Двое медиков подошли к Слепцову сзади, в руках одного завертелся тускло отблескивавший диск, и Слепцов умолк, шагнул назад, его подхватили, понесли к лодке. Глаза его закрылись, он спал. Высокий медик уже подносил крутящийся приборчик к голове Кедрина.

– Вас не нужно выключить? – спросил медик у Велигая. – Вы перенесете нервное напряжение? Может быть, сон не помешал бы вам.

– Я перенесу, – спокойно ответил Велигай.

– Вы ведь понимаете, что мы…

– Я понимаю, не беспокойтесь. А как вы объясняете?

– У Коровина паралич сердца по каким-то пока непонятным причинам. И прошел слишком долгий срок. Девяносто процентов за то, что необратимые изменения зашли слишком далеко. Вы ведь знаете работу нашей службы?

– В общем как и все.

– Принцип таков… – медик швырнул, наконец, шланги в машину, вытер руки платком, смоченным голубоватой жидкостью из флакона. – Каждый человек носит наш медифор. Вот и вы… Нет, он у вас другой конструкции.

– А это не имеет значения. У меня приземельский. Итак?

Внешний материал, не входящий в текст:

lemma rel_ord: "0 < rel_ord" "natmul rel_ord g \<in> H"
proof -
  have "\<exists>k. 0 < k \<and> natmul k g \<in> H"
    using ex_natmul_eq_0[of g] add_subgroup_zero[OF add_subgroup] by auto
  from LeastI_ex[OF this] show "0 < rel_ord" "natmul rel_ord g \<in> H"
    unfolding rel_ord_def by auto
qed

lemma natmul_mult_rel_ord_in: "natmul (q * rel_ord) g \<in> H"
  using natmul_mult[of q rel_ord g] natmul_in_add_subgroup[OF add_subgroup rel_ord(2)] by simp

lemma natmul_eq_mod_rel_ord: "natmul j g = natmul (j mod rel_ord) g + natmul (j div rel_ord * rel_ord) g"
  by (metis mod_div_mult_eq natmul_add)

lemma natmul_in_iff_dvd: "natmul j g \<in> H \<longleftrightarrow> rel_ord dvd j"
proof -
  have "natmul (j div rel_ord * rel_ord) g \<in> H" by (rule natmul_mult_rel_ord_in)
  then have "natmul j g \<in> H \<longleftrightarrow> natmul (j mod rel_ord) g \<in> H"
    using add_subgroup_add[OF add_subgroup] add_subgroup_add_cancel[OF add_subgroup]
    unfolding natmul_eq_mod_rel_ord[of j] by blast
  also have "\<dots> \<longleftrightarrow> j mod rel_ord = 0"
  proof
    assume "natmul (j mod rel_ord) g \<in> H"
    then show "j mod rel_ord = 0"
      using not_less_Least[of "j mod rel_ord" "\<lambda>k. 0 < k \<and> natmul k g \<in> H"] rel_ord(1)
      unfolding rel_ord_def[symmetric] by auto
  next
    assume "j mod rel_ord = 0"
    then show "natmul (j mod rel_ord) g \<in> H" using add_subgroup_zero[OF add_subgroup] by simp
  qed
  finally show ?thesis by (simp add: dvd_eq_mod_eq_0)
qed

definition ext_grp :: "'a set" where
  "ext_grp = {h + natmul j g | h j. h \<in> H}"

lemma in_ext_grp_iff: "x \<in> ext_grp \<longleftrightarrow> (\<exists>h\<in>H. \<exists>j. x = h + natmul j g)"
  unfolding ext_grp_def by blast

lemma subset_ext_grp: "H \<subseteq> ext_grp"
proof
  fix h assume "h \<in> H"
  moreover have "h = h + natmul 0 g" by simp
  ultimately show "h \<in> ext_grp" unfolding in_ext_grp_iff by blast
qed

lemma in_ext_grp: "g \<in> ext_grp"
proof -
  have "g = 0 + natmul 1 g" by simp
  then show ?thesis unfolding in_ext_grp_iff using add_subgroup_zero[OF add_subgroup] by blast
qed

lemma add_subgroup_ext_grp: "add_subgroup ext_grp"
  unfolding add_subgroup_def
proof (intro conjI ballI)
  show "0 \<in> ext_grp" using subset_ext_grp add_subgroup_zero[OF add_subgroup] by blast
next
  fix a b assume "a \<in> ext_grp" "b \<in> ext_grp"
  then obtain h1 j1 h2 j2 where ab: "a = h1 + natmul j1 g" "h1 \<in> H" "b = h2 + natmul j2 g" "h2 \<in> H"
    unfolding in_ext_grp_iff by blast
  then have "a + b = (h1 + h2) + natmul (j1 + j2) g" by (simp add: natmul_add algebra_simps)
  moreover have "h1 + h2 \<in> H" using add_subgroup_add[OF add_subgroup ab(2,4)] .
  ultimately show "a + b \<in> ext_grp" unfolding in_ext_grp_iff by blast
next
  fix a assume "a \<in> ext_grp"
  then obtain h j where a: "a = h + natmul j g" "h \<in> H" unfolding in_ext_grp_iff by blast
  \<comment> \<open>\<open>-j g = (rel_ord - 1) j g - rel_ord j g\<close>, and the last term lies in \<open>H\<close>\<close>
  have "natmul (j * rel_ord) g = natmul ((rel_ord - 1) * j) g + natmul j g"
    using natmul_add[of "(rel_ord - 1) * j" j g] rel_ord(1)
    by (metis Suc_diff_1 mult_Suc mult.commute add.commute)
  then have "- a = (- h + - natmul (j * rel_ord) g) + natmul ((rel_ord - 1) * j) g"
    using a(1) by (simp add: algebra_simps)
  moreover have "- h + - natmul (j * rel_ord) g \<in> H"
    using add_subgroup_add add_subgroup_uminus add_subgroup a(2) natmul_mult_rel_ord_in[of j]
    by blast
  ultimately show "- a \<in> ext_grp" unfolding in_ext_grp_iff by blast
qed

lemma card_ext_grp_le: "card ext_grp \<le> card H * rel_ord"
proof -
  have "ext_grp \<subseteq> (\<lambda>(h, j). h + natmul j g) ` (H \<times> {..<rel_ord})"
  proof
    fix x assume "x \<in> ext_grp"
    then obtain h j where x: "x = h + natmul j g" "h \<in> H" unfolding in_ext_grp_iff by blast
    have "x = (h + natmul (j div rel_ord * rel_ord) g) + natmul (j mod rel_ord) g"
      using x natmul_eq_mod_rel_ord[of j] by (simp add: algebra_simps)
    moreover have "h + natmul (j div rel_ord * rel_ord) g \<in> H"
      by (rule add_subgroup_add[OF add_subgroup x(2) natmul_mult_rel_ord_in])
    ultimately show "x \<in> (\<lambda>(h, j). h + natmul j g) ` (H \<times> {..<rel_ord})"
      using rel_ord(1) by force
  qed
  then have "card ext_grp \<le> card ((\<lambda>(h, j). h + natmul j g) ` (H \<times> {..<rel_ord}))"
    by (intro card_mono) auto
  also have "\<dots> \<le> card (H \<times> {..<rel_ord})" by (rule card_image_le) auto
  finally show ?thesis by (simp add: card_cartesian_product)
qed

definition roots :: "('a \<Rightarrow> complex) \<Rightarrow> complex set" where
  "roots \<phi> = {w. w ^ rel_ord = \<phi> (natmul rel_ord g)}"

lemma card_roots:
  assumes "char_on H \<phi>"
  shows "card (roots \<phi>) = rel_ord"
proof -
  have "\<phi> (natmul rel_ord g) \<noteq> 0" by (rule char_on_nonzero[OF assms rel_ord(2)])
  then show ?thesis
    unfolding roots_def using bij_betw_same_card[OF bij_betw_nth_root_unity] rel_ord(1)
    by (simp add: card_roots_unity_eq)
qed

lemma extension_well_defined:
  assumes \<phi>: "char_on H \<phi>" and w: "w \<in> roots \<phi>" and h: "h1 \<in> H" "h2 \<in> H"
    and eq: "h1 + natmul j1 g = h2 + natmul j2 g"
  shows "\<phi> h1 * w ^ j1 = \<phi> h2 * w ^ j2"
proof -
  have *: "\<phi> h1 * w ^ j1 = \<phi> h2 * w ^ j2"
    if h: "h1 \<in> H" "h2 \<in> H" and eq: "h1 + natmul j1 g = h2 + natmul j2 g" and "j1 \<le> j2"
    for h1 h2 j1 j2
  proof -
    define d where "d = j2 - j1"
    have "natmul j2 g = natmul d g + natmul j1 g"
      using natmul_add[of d j1 g] \<open>j1 \<le> j2\<close> d_def by simp
    with eq have h1_eq: "h1 = h2 + natmul d g" by (simp add: algebra_simps)
    then have "natmul d g \<in> H"
      using h add_subgroup_add_cancel[OF add_subgroup, of "natmul d g" h2] by (simp add: add.commute)
    then obtain q where d: "d = q * rel_ord"
      unfolding natmul_in_iff_dvd by (metis dvdE mult.commute)
    have "\<phi> h1 = \<phi> h2 * \<phi> (natmul d g)"
      unfolding h1_eq by (rule char_on_add[OF \<phi> h(2) \<open>natmul d g \<in> H\<close>])
    also have "\<phi> (natmul d g) = \<phi> (natmul rel_ord g) ^ q"
      using d natmul_mult[of q rel_ord g] char_on_natmul[OF \<phi> add_subgroup rel_ord(2)] by simp
    also have "\<dots> = (w ^ rel_ord) ^ q" using w unfolding roots_def by simp
    also have "\<dots> = w ^ d" using power_mult[of w rel_ord q] d by (simp add: mult.commute)
    finally have "\<phi> h1 * w ^ j1 = \<phi> h2 * (w ^ d * w ^ j1)" by simp
    also have "w ^ d * w ^ j1 = w ^ j2" unfolding d_def using \<open>j1 \<le> j2\<close> by (simp flip: power_add)
    finally show ?thesis .
  qed
  show ?thesis
  proof (cases "j1 \<le> j2")
    case True
    then show ?thesis by (rule *[OF h eq])
  next
    case False
    then show ?thesis using *[OF h(2,1) eq[symmetric]] by simp
  qed
qed

definition extension :: "('a \<Rightarrow> complex) \<Rightarrow> complex \<Rightarrow> 'a \<Rightarrow> complex" where
  "extension \<phi> w x = (if x \<in> ext_grp then
     (let r = (SOME r. fst r \<in> H \<and> x = fst r + natmul (snd r) g) in \<phi> (fst r) * w ^ snd r) else 0)"

lemma extension_value:
  assumes "char_on H \<phi>" "w \<in> roots \<phi>" "h \<in> H"
  shows "extension \<phi> w (h + natmul j g) = \<phi> h * w ^ j"
proof -
  let ?x = "h + natmul j g"
  have "\<exists>r. fst r \<in> H \<and> ?x = fst r + natmul (snd r) g"
    using assms by (intro exI[of _ "(h, j)"]) auto
  from someI_ex[OF this] obtain r where r: "fst r \<in> H" "?x = fst r + natmul (snd r) g"
    and r_def: "r = (SOME r. fst r \<in> H \<and> ?x = fst r + natmul (snd r) g)" by blast
  have "?x \<in> ext_grp" using assms(3) unfolding in_ext_grp_iff by blast
  then have "extension \<phi> w ?x = \<phi> (fst r) * w ^ snd r" unfolding extension_def r_def Let_def by simp
  also have "\<dots> = \<phi> h * w ^ j" using extension_well_defined[OF assms(1,2) r(1) assms(3)] r(2) by simp
  finally show ?thesis .
qed

lemma char_on_extension:
  assumes \<phi>: "char_on H \<phi>" and w: "w \<in> roots \<phi>"
  shows "char_on ext_grp (extension \<phi> w)"
  unfolding char_on_def
proof (intro conjI ballI allI impI)
  fix a b assume "a \<in> ext_grp" "b \<in> ext_grp"
  then obtain h1 j1 h2 j2 where ab: "a = h1 + natmul j1 g" "h1 \<in> H" "b = h2 + natmul j2 g" "h2 \<in> H"
    unfolding in_ext_grp_iff by blast
  then have "a + b = (h1 + h2) + natmul (j1 + j2) g" by (simp add: natmul_add algebra_simps)
  moreover have "h1 + h2 \<in> H" using add_subgroup_add[OF add_subgroup ab(2,4)] .
  ultimately have "extension \<phi> w (a + b) = \<phi> (h1 + h2) * w ^ (j1 + j2)"
    using extension_value[OF \<phi> w] by simp
  moreover have "\<phi> (h1 + h2) = \<phi> h1 * \<phi> h2" by (rule char_on_add[OF \<phi> ab(2,4)])
  ultimately show "extension \<phi> w (a + b) = extension \<phi> w a * extension \<phi> w b"
    using ab extension_value[OF \<phi> w] by (simp add: power_add)
next
  fix a assume "a \<in> ext_grp"
  then obtain h j where a: "a = h + natmul j g" "h \<in> H" unfolding in_ext_grp_iff by blast
  have "\<phi> (natmul rel_ord g) \<noteq> 0" by (rule char_on_nonzero[OF \<phi> rel_ord(2)])
  then have "w \<noteq> 0" using w rel_ord(1) unfolding roots_def by (auto simp: zero_power)
  moreover have "\<phi> h \<noteq> 0" by (rule char_on_nonzero[OF \<phi> a(2)])
  ultimately show "extension \<phi> w a \<noteq> 0" using extension_value[OF \<phi> w a(2)] a by simp
next
  fix a assume "a \<notin> ext_grp"
  then show "extension \<phi> w a = 0" unfolding extension_def by simp
qed

lemma inj_on_extension:
  assumes "\<forall>\<phi>\<in>C. char_on H \<phi>"
  shows "inj_on (\<lambda>(\<phi>, w). extension \<phi> w) (SIGMA \<phi>:C. roots \<phi>)"
proof (rule inj_onI, clarify)
  fix \<phi>1 w1 \<phi>2 w2
  assume C: "\<phi>1 \<in> C" "w1 \<in> roots \<phi>1" "\<phi>2 \<in> C" "w2 \<in> roots \<phi>2"
    and eq: "extension \<phi>1 w1 = extension \<phi>2 w2"
  have \<phi>: "char_on H \<phi>1" "char_on H \<phi>2" and w: "w1 \<in> roots \<phi>1" "w2 \<in> roots \<phi>2"
    using assms C by simp_all
  have ext_eq: "\<phi>1 h * w1 ^ j = \<phi>2 h * w2 ^ j" if "h \<in> H" for h j
  proof -
    have "\<phi>1 h * w1 ^ j = extension \<phi>1 w1 (h + natmul j g)"
      by (rule extension_value[OF \<phi>(1) w(1) that, symmetric])
    also have "\<dots> = \<phi>2 h * w2 ^ j" unfolding eq by (rule extension_value[OF \<phi>(2) w(2) that])
    finally show ?thesis .
  qed
  have "\<phi>1 = \<phi>2"
  proof
    fix x
    show "\<phi>1 x = \<phi>2 x"
    proof (cases "x \<in> H")
      case True
      then show ?thesis using ext_eq[of x 0] by simp
    next
      case False
      then show ?thesis using char_on_outside[OF \<phi>(1)] char_on_outside[OF \<phi>(2)] by simp
    qed
  qed
  moreover have "w1 = w2"
    using ext_eq[of 0 1] add_subgroup_zero[OF add_subgroup]
      char_on_0[OF \<phi>(1) add_subgroup] char_on_0[OF \<phi>(2) add_subgroup]
    by simp
  ultimately show "\<phi>1 = \<phi>2 \<and> w1 = w2" by blast
qed

lemma enough_chars_ext_grp:
  assumes "enough_chars H"
  shows "enough_chars ext_grp"
proof -
  obtain C where C: "finite C" "\<forall>\<phi>\<in>C. char_on H \<phi>" "card H \<le> card C"
    using assms unfolding enough_chars_def by blast
  define C' where "C' = (\<lambda>(\<phi>, w). extension \<phi> w) ` (SIGMA \<phi>:C. roots \<phi>)"
  have fin: "finite (roots \<phi>)" if "\<phi> \<in> C" for \<phi>
    using card_roots[of \<phi>] C(2) that rel_ord(1) by (intro card_ge_0_finite) simp
  have "card C' = card (SIGMA \<phi>:C. roots \<phi>)"
    unfolding C'_def by (rule card_image[OF inj_on_extension[OF C(2)]])
  also have "\<dots> = (\<Sum>\<phi>\<in>C. card (roots \<phi>))" using C(1) fin by (simp add: card_SigmaI)
  also have "\<dots> = card C * rel_ord" using C(2) card_roots by simp
  finally have "card ext_grp \<le> card C'"
    using card_ext_grp_le mult_le_mono1[OF C(3), of rel_ord] by linarith
  moreover have "finite C'" unfolding C'_def using C(1) fin by auto
  moreover have "\<forall>\<psi>\<in>C'. char_on ext_grp \<psi>" unfolding C'_def using char_on_extension C(2) by auto
  ultimately show ?thesis unfolding enough_chars_def by blast
qed

end

lemma enough_chars_UNIV: "enough_chars (UNIV :: 'a::{ab_group_add,finite} set)"
proof -
  have "enough_chars (UNIV :: 'a set)" if "add_subgroup H" "enough_chars H" for H :: "'a set"
    using that
  proof (induction "card (UNIV - H)" arbitrary: H rule: less_induct)
    case less
    show ?case
    proof (cases "H = UNIV")
      case True
      then show ?thesis using less.prems by simp
    next
      case False
      then obtain g where "g \<notin> H" by auto
      interpret char_extension H g by unfold_locales (fact less.prems(1))
      have "UNIV - ext_grp \<subset> UNIV - H" using subset_ext_grp in_ext_grp \<open>g \<notin> H\<close> by auto
      then have "card (UNIV - ext_grp) < card (UNIV - H)" by (rule psubset_card_mono[OF finite])
      then show ?thesis
        by (rule less.hyps[OF _ add_subgroup_ext_grp enough_chars_ext_grp[OF less.prems(2)]])
    qed
  qed
  moreover have "add_subgroup {0 :: 'a}" by (simp add: add_subgroup_def)
  ultimately show ?thesis using enough_chars_zero by blast
qed

section \<open>Characters of a finite abelian group\<close>

abbreviation character :: "('a::group_add \<Rightarrow> complex) \<Rightarrow> bool" where
  "character \<equiv> char_on UNIV"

– Итак, – сказал медик, поднося руки к дискам высокочастотного стерилизатора. – Назначение медифоров, в просторечии браслетов, понятно: постоянная информация соответствующей станции о состоянии здоровья человека – это раз. Прибор контролирует биотоки. Когда они в норме – все спокойно. Если нарушение, на станции включается диагност и в медифор идет сигнал. Тогда медифор начинает соответствующим образом влиять на нужную функцию организма, заставляет органы усилить или ослабить их деятельность. Это вторая функция. На Земле тридцать миллиардов человек, и каждый из них на контроле.

– Вы спокойный человек.

– Мне хочется выть.

– Кстати, почему их усыпили вы, а не станция?

– Нервное напряжение в наше время – напряжение поиска, творчества, работы. Не усыплять же ученого за пультом. Наоборот, станция через медифор его стимулирует. Мы не влияем на деятельность коры. Абсолютно исключено. Мозг священен.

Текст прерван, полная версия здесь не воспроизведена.